_Saved entries_.
◆ ◆ ◆
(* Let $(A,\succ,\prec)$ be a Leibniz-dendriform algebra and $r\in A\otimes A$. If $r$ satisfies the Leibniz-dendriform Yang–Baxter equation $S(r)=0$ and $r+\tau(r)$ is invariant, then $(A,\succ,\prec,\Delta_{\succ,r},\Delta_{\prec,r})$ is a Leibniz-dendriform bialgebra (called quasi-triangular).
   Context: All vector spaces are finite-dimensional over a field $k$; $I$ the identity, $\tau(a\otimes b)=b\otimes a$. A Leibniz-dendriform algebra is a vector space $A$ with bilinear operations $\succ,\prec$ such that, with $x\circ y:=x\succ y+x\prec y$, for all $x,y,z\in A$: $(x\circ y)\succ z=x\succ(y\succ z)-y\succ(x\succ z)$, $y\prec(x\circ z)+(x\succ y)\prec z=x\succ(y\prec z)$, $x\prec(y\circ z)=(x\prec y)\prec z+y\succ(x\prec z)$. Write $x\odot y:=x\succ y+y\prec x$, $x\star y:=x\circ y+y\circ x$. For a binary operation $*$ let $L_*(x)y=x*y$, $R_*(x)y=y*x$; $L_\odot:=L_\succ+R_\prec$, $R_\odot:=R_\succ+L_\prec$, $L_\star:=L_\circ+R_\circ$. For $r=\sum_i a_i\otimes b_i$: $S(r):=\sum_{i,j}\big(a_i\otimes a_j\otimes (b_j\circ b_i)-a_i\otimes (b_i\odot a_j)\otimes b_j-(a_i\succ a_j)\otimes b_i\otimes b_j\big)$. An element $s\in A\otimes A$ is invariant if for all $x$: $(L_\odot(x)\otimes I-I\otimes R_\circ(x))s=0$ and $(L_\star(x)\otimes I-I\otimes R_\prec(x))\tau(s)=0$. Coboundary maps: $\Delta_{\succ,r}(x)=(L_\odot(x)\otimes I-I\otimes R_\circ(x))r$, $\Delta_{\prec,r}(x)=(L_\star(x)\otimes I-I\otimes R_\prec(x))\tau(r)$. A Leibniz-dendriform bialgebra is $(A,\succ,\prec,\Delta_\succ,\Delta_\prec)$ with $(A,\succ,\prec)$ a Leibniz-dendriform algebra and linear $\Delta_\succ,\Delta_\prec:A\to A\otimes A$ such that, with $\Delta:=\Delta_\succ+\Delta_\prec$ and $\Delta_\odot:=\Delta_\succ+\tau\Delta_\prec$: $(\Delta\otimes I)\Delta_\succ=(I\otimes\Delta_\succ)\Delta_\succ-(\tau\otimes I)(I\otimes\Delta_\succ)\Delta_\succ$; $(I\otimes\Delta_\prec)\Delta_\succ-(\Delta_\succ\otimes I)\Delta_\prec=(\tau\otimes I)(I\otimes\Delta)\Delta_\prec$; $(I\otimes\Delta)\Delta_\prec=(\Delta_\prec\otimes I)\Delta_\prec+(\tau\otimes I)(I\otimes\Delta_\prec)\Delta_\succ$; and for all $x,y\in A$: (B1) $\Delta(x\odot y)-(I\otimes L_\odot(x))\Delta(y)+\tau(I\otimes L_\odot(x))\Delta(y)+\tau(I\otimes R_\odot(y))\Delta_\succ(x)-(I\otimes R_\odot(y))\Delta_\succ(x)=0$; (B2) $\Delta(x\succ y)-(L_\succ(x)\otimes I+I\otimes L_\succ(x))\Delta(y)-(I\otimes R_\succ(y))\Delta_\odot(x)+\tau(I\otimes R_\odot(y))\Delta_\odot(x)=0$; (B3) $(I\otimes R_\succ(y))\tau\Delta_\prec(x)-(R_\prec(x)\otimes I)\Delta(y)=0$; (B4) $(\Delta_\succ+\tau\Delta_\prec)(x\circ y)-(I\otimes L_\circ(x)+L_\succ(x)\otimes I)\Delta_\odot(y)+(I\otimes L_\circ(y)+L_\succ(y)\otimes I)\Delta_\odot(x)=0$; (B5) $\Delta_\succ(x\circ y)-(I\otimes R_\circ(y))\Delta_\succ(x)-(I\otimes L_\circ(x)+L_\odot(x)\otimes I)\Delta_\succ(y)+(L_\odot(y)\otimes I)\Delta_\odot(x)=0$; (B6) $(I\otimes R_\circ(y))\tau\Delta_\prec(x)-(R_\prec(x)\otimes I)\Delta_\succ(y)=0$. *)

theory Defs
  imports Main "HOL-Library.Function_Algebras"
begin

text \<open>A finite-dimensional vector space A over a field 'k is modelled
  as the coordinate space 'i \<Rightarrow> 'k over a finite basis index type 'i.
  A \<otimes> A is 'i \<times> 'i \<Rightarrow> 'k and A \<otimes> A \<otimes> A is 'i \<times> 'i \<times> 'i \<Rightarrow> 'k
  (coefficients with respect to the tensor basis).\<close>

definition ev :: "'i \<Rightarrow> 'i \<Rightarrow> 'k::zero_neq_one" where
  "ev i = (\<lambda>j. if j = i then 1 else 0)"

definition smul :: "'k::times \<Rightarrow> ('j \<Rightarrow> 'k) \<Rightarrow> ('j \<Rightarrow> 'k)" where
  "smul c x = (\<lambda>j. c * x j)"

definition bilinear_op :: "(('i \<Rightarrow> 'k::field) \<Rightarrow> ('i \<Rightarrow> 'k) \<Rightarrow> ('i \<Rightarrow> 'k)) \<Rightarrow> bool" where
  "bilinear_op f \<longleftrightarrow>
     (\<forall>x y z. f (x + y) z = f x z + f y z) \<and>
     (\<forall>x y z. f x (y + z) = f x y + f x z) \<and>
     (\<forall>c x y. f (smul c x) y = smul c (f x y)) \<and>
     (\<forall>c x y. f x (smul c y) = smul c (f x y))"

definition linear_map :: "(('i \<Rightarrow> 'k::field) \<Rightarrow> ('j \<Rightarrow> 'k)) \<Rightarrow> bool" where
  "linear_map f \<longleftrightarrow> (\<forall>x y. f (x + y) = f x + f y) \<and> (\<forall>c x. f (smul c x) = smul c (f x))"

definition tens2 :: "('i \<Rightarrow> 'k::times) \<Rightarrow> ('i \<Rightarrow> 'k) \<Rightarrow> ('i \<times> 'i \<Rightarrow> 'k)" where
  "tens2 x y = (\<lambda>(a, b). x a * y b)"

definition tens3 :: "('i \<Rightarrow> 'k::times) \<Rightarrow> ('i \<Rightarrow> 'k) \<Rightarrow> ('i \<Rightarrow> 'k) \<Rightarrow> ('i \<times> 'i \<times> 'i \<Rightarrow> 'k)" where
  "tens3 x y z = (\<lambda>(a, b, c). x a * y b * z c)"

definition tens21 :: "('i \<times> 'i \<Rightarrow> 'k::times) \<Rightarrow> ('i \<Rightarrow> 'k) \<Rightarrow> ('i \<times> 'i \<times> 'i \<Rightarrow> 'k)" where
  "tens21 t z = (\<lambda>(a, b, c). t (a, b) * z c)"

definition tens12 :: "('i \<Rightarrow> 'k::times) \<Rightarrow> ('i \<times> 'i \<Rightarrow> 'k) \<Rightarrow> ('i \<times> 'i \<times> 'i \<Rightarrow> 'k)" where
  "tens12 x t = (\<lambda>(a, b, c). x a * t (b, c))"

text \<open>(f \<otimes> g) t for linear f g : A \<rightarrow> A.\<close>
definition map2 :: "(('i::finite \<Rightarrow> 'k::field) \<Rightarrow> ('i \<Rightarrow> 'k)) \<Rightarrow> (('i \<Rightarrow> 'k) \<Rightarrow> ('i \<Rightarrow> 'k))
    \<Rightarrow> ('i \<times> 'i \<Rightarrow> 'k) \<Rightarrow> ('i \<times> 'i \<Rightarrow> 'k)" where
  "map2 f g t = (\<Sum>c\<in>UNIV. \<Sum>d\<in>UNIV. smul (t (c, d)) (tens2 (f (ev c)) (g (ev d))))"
◆ ◆ ◆
_Problem requirements_. An exact restatement of the lines from the one with "(('i \<Rightarrow> 'k) \<Rightarrow> ('i \<Rightarrow> 'k))" through the last line of the data is the only acceptable answer.

_Written answer_.
definition map2 :: "(('i::finite \<Rightarrow> 'k::field) \<Rightarrow> ('i \<Rightarrow> 'k)) \<Rightarrow> (('i \<Rightarrow> 'k) \<Rightarrow> ('i \<Rightarrow> 'k))
    \<Rightarrow> ('i \<times> 'i \<Rightarrow> 'k) \<Rightarrow> ('i \<times> 'i \<Rightarrow> 'k)" where
  "map2 f g t = (\<Sum>c\<in>UNIV. \<Sum>d\<in>UNIV. smul (t (c, d)) (tens2 (f (ev c)) (g (ev d))))"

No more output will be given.